The James and Archers of Greenburgh, NY and have been members of Union Baptist church forever. I mostly attended service with Grams, but there were times I went with an aunt or a neighbor. To this day, I don’t recall why on this particular Sunday, Grams did not attend service, all I knew I needed to cease the opportunity her absence presented.
To understand the middle class African-American family in the 70’s, all one had to do was visit a Baptist church. This is were we learned patience, proper etiquette, and disclapine. Sunday’s started Saturday afternoon. Little girls got their hair washed, pressed, and got a roller set of pink sponge rollers or paper curls. Your clothes were ironed and hung, shoes polished and depending on what was on the menu, Sunday dinner might get started.
This Sunday was no different. My hair was patten leather black shiny, finished off with a red plaid bow that matched the trim of my dress. White socks pulled up to reach right below my knee and black Mary Jane patten leather shoes shined to perfection.
Walking to service was always an experience. We lived close enough where I could walk with my cousins to service. Walking up to Union the brown brick building stood with a majesty that always gave me goose bumps. I would find some dandelions or any other flowers I could pick on my way to church to lay them down at the Jesus stone. I know you’re wondering, “what is a Jesus stone?” Whenever a new church is build, a little piece of Jesus is buried and a stone with the year the church was erected is placed, making it an official church.

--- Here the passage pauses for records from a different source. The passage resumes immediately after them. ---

(* Under the DS scheme described in the context, if a driver $d$ (respectively rider $r$) truthfully reports $\bar b_d$ (respectively $\bar\delta_r$) and is matched to no one, then she cannot increase her utility by falsely reporting some other value $b_d$ (respectively $\delta_r$).
   Context: One decision epoch with finite sets $\mathcal{D}$ (drivers) and $\mathcal{R}$ (riders). Rider $r$ requests a trip of shortest-route length $h_r$ with destination $t_r$; $\tau_{dr}\ge0$ is the pick-up distance from driver $d$ to rider $r$, $\tau_d^{\min}=\min_{r}\tau_{dr}$, $\tau_r^{\min}=\min_d\tau_{dr}$. Public constants $\alpha,\beta>0$; $f(t_r)$ is a given opportunity cost. Driver $d$ has a private true cost per unit extra pick-up distance $\bar b_d$ and reports a bid $b_d$; rider $r$ has a private true value $\bar\delta_r$ and reports $\delta_r$. For a potential match $(d,r)$ the valuations are $P_d(b_d)=\alpha h_r+b_d(\tau_{dr}-\tau_d^{\min})+f(t_r)$ and $P_r(\delta_r)=\beta h_r-\delta_r(\tau_{dr}-\tau_r^{\min})$, and the social welfare is $\sigma_{dr}=P_r-P_d$ (computed from reported bids). Each potential match has a sensing gain $\zeta_{dr}\ge0$ depending only on locations and the rider's origin-destination, not on bids. DS matching problem: maximize $\sum_{r,d}\zeta_{dr}x_{dr}$ subject to $\sum_r x_{dr}\le1$ $\forall d$, $\sum_d x_{dr}\le 1$ $\forall r$, $\sum_{r,d}\sigma_{dr}x_{dr}\ge0$, $x_{dr}\in\{0,1\}$; let $x^*$ be an optimal solution with value $U^*$, $\mathcal{D}^*,\mathcal{R}^*$ the matched drivers and riders, $V=\sum_{r,d}\sigma_{dr}x^*_{dr}$. For $d\in\mathcal{D}^*$, $\Delta U_d=U^*-U^*_{d-}$ where $U^*_{d-}$ is the optimal value with $d$ removed; analogously $\Delta U_r$. Shares $\lambda_d=\Delta U_d/(\sum_{d'\in\mathcal{D}^*}\Delta U_{d'}+\sum_{r'\in\mathcal{R}^*}\Delta U_{r'})$, $\lambda_r$ analogously; bonuses $\rho_d=V\lambda_d$, $\rho_r=V\lambda_r$; a matched driver is paid $q_d=P_d+\rho_d$ and a matched rider is charged $q_r=P_r-\rho_r$. A matched driver's utility is $q_d$ minus her valuation evaluated at her true bid, a matched rider's utility is her valuation at her true bid minus $q_r$; an unmatched participant has utility $0$.
   Formalization: The optimal solution $x^*$ is the optimum of least rank under a fixed priority that is injective on matchings, does not depend on bids, and is used for both the truthful and the misreported report. The statement above fails without it. *)

theory Defs
  imports Complex_Main
begin

definition matchings :: "'d set \<Rightarrow> 'r set \<Rightarrow> ('d \<Rightarrow> 'r \<Rightarrow> bool) set" where
  "matchings D R = {x. \<forall>d r. x d r \<longrightarrow> d \<in> D \<and> r \<in> R}"

definition tau_dmin :: "'r set \<Rightarrow> ('d \<Rightarrow> 'r \<Rightarrow> real) \<Rightarrow> 'd \<Rightarrow> real" where
  "tau_dmin R \<tau> d = Min ((\<lambda>r. \<tau> d r) ` R)"

definition tau_rmin :: "'d set \<Rightarrow> ('d \<Rightarrow> 'r \<Rightarrow> real) \<Rightarrow> 'r \<Rightarrow> real" where
  "tau_rmin D \<tau> r = Min ((\<lambda>d. \<tau> d r) ` D)"

definition Pdrv :: "real \<Rightarrow> ('r \<Rightarrow> real) \<Rightarrow> ('r \<Rightarrow> 'l) \<Rightarrow> ('l \<Rightarrow> real)
    \<Rightarrow> ('d \<Rightarrow> 'r \<Rightarrow> real) \<Rightarrow> 'r set \<Rightarrow> real \<Rightarrow> 'd \<Rightarrow> 'r \<Rightarrow> real" where
  "Pdrv \<alpha> h t f \<tau> R bd d r = \<alpha> * h r + bd * (\<tau> d r - tau_dmin R \<tau> d) + f (t r)"

definition Prid :: "real \<Rightarrow> ('r \<Rightarrow> real) \<Rightarrow> ('d \<Rightarrow> 'r \<Rightarrow> real) \<Rightarrow> 'd set
    \<Rightarrow> real \<Rightarrow> 'd \<Rightarrow> 'r \<Rightarrow> real" where
  "Prid \<beta> h \<tau> D dr d r = \<beta> * h r - dr * (\<tau> d r - tau_rmin D \<tau> r)"

definition sigma :: "real \<Rightarrow> real \<Rightarrow> ('r \<Rightarrow> real) \<Rightarrow> ('r \<Rightarrow> 'l) \<Rightarrow> ('l \<Rightarrow> real)
    \<Rightarrow> ('d \<Rightarrow> 'r \<Rightarrow> real) \<Rightarrow> 'd set \<Rightarrow> 'r set \<Rightarrow> ('d \<Rightarrow> real) \<Rightarrow> ('r \<Rightarrow> real)
    \<Rightarrow> 'd \<Rightarrow> 'r \<Rightarrow> real" where
  "sigma \<alpha> \<beta> h t f \<tau> D R b \<delta> d r =
     Prid \<beta> h \<tau> D (\<delta> r) d r - Pdrv \<alpha> h t f \<tau> R (b d) d r"

definition msum :: "'d set \<Rightarrow> 'r set \<Rightarrow> ('d \<Rightarrow> 'r \<Rightarrow> real) \<Rightarrow> ('d \<Rightarrow> 'r \<Rightarrow> bool) \<Rightarrow> real" where
  "msum D R w x = (\<Sum>d\<in>D. \<Sum>r\<in>R. if x d r then w d r else 0)"

definition ds_feasible :: "'d set \<Rightarrow> 'r set \<Rightarrow> ('d \<Rightarrow> 'r \<Rightarrow> real) \<Rightarrow> ('d \<Rightarrow> 'r \<Rightarrow> bool) \<Rightarrow> bool" where
  "ds_feasible D R s x \<longleftrightarrow> x \<in> matchings D R
     \<and> (\<forall>d\<in>D. card {r\<in>R. x d r} \<le> 1)
     \<and> (\<forall>r\<in>R. card {d\<in>D. x d r} \<le> 1)
     \<and> msum D R s x \<ge> 0"

definition ds_optimal :: "'d set \<Rightarrow> 'r set \<Rightarrow> ('d \<Rightarrow> 'r \<Rightarrow> real) \<Rightarrow> ('d \<Rightarrow> 'r \<Rightarrow> real)
    \<Rightarrow> ('d \<Rightarrow> 'r \<Rightarrow> bool) \<Rightarrow> bool" where
  "ds_optimal D R \<zeta> s x \<longleftrightarrow> ds_feasible D R s x \<and>
     (\<forall>y. ds_feasible D R s y \<longrightarrow> msum D R \<zeta> y \<le> msum D R \<zeta> x)"

definition ds_optval :: "'d set \<Rightarrow> 'r set \<Rightarrow> ('d \<Rightarrow> 'r \<Rightarrow> real) \<Rightarrow> ('d \<Rightarrow> 'r \<Rightarrow> real) \<Rightarrow> real" where
  "ds_optval D R \<zeta> s = Max (msum D R \<zeta> ` {x. ds_feasible D R s x})"

text \<open>The solution actually returned by the scheme: an optimal solution, ties among optimal
solutions broken by a fixed, bid-independent priority rk (smallest rank wins).\<close>
definition ds_outcome :: "'d set \<Rightarrow> 'r set \<Rightarrow> ('d \<Rightarrow> 'r \<Rightarrow> real) \<Rightarrow> ('d \<Rightarrow> 'r \<Rightarrow> real)
    \<Rightarrow> (('d \<Rightarrow> 'r \<Rightarrow> bool) \<Rightarrow> nat) \<Rightarrow> ('d \<Rightarrow> 'r \<Rightarrow> bool) \<Rightarrow> bool" where
  "ds_outcome D R \<zeta> s rk x \<longleftrightarrow> ds_optimal D R \<zeta> s x \<and>
     (\<forall>y. ds_optimal D R \<zeta> s y \<longrightarrow> rk x \<le> rk y)"

definition dU_drv :: "'d set \<Rightarrow> 'r set \<Rightarrow> ('d \<Rightarrow> 'r \<Rightarrow> real) \<Rightarrow> ('d \<Rightarrow> 'r \<Rightarrow> real) \<Rightarrow> 'd \<Rightarrow> real" where
  "dU_drv D R \<zeta> s d = ds_optval D R \<zeta> s - ds_optval (D - {d}) R \<zeta> s"

definition dU_rid :: "'d set \<Rightarrow> 'r set \<Rightarrow> ('d \<Rightarrow> 'r \<Rightarrow> real) \<Rightarrow> ('d \<Rightarrow> 'r \<Rightarrow> real) \<Rightarrow> 'r \<Rightarrow> real" where
  "dU_rid D R \<zeta> s r = ds_optval D R \<zeta> s - ds_optval D (R - {r}) \<zeta> s"

definition dU_total :: "'d set \<Rightarrow> 'r set \<Rightarrow> ('d \<Rightarrow> 'r \<Rightarrow> real) \<Rightarrow> ('d \<Rightarrow> 'r \<Rightarrow> real)
    \<Rightarrow> ('d \<Rightarrow> 'r \<Rightarrow> bool) \<Rightarrow> real" where
  "dU_total D R \<zeta> s x =
     (\<Sum>d'\<in>{d'\<in>D. \<exists>r\<in>R. x d' r}. dU_drv D R \<zeta> s d')
   + (\<Sum>r'\<in>{r'\<in>R. \<exists>d\<in>D. x d r'}. dU_rid D R \<zeta> s r')"

definition bonus_drv where
  "bonus_drv D R \<zeta> s x d = msum D R s x * (dU_drv D R \<zeta> s d / dU_total D R \<zeta> s x)"

definition bonus_rid where
  "bonus_rid D R \<zeta> s x r = msum D R s x * (dU_rid D R \<zeta> s r / dU_total D R \<zeta> s x)"

definition partner_drv :: "'r set \<Rightarrow> ('d \<Rightarrow> 'r \<Rightarrow> bool) \<Rightarrow> 'd \<Rightarrow> 'r" where
  "partner_drv R x d = (THE r. r \<in> R \<and> x d r)"

definition partner_rid :: "'d set \<Rightarrow> ('d \<Rightarrow> 'r \<Rightarrow> bool) \<Rightarrow> 'r \<Rightarrow> 'd" where
  "partner_rid D x r = (THE d. d \<in> D \<and> x d r)"

text \<open>Utility of driver d with true cost bbar, when the reported profiles are (b, delta) and
the scheme returns x: payment q_d = P_d(b_d) + rho_d minus valuation at the true bid.\<close>
definition drv_util where
  "drv_util \<alpha> \<beta> h t f \<tau> D R \<zeta> b \<delta> x d bbar =
    (if \<exists>r\<in>R. x d r then
       (let r = partner_drv R x d; s = sigma \<alpha> \<beta> h t f \<tau> D R b \<delta> in
         (Pdrv \<alpha> h t f \<tau> R (b d) d r + bonus_drv D R \<zeta> s x d) - Pdrv \<alpha> h t f \<tau> R bbar d r)
     else 0)"

text \<open>Utility of rider r with true value dbar: valuation at the true bid minus charge
q_r = P_r(delta_r) - rho_r.\<close>
definition rid_util where
  "rid_util \<alpha> \<beta> h t f \<tau> D R \<zeta> b \<delta> x r dbar =
    (if \<exists>d\<in>D. x d r then
       (let d = partner_rid D x r; s = sigma \<alpha> \<beta> h t f \<tau> D R b \<delta> in
         Prid \<beta> h \<tau> D dbar d r - (Prid \<beta> h \<tau> D (\<delta> r) d r - bonus_rid D R \<zeta> s x r))
     else 0)"

end

theory Submission
  imports Defs
begin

At service I enjoyed the choir and Rev Mason give a lively sermon. I sat at the edge of me seat waiting for that moment. Rev Mason didn’t disappoint, he opened the front pews for those wanting to profess acceptance of the Lord as the son of God and be baptized. On cue, I skipped down the aisle and waited to be seated in an open space in the front pew.
I patiently waited for Mrs. Jones to ask for prayers for her son in the military, and Mr. Ken to finish his long list of aches and pains. When the Deacon got to me, I stood up and slowly announced “I love Jesus, he is a son of God and I’m ready to be baptized!”
I turned around to see all the adults admiring my cuteness and even caught one of my cousins sticking his tongue out at me, which earned him a swift back hand from our aunt. After service, everyone gushed over how cute and brave I was and my grandparents did an amazing job raising me. I was even allowed to get a second doughnut after service.
As magical that Sunday had been, I was a tad bit confused when Rev Mason came by the my grandparents’ home the following Wednesday. All of sudden I got nervous and tried not be noticed, so I ran to my bedroom I shared with my cousin.
“Charmane! Get downstairs right now!”
Grams wasn’t a yeller, so I knew was in trouble. I slowly descended down the stairs, carefully stepping on each step quietly and deliberately until eventually I was on the first floor.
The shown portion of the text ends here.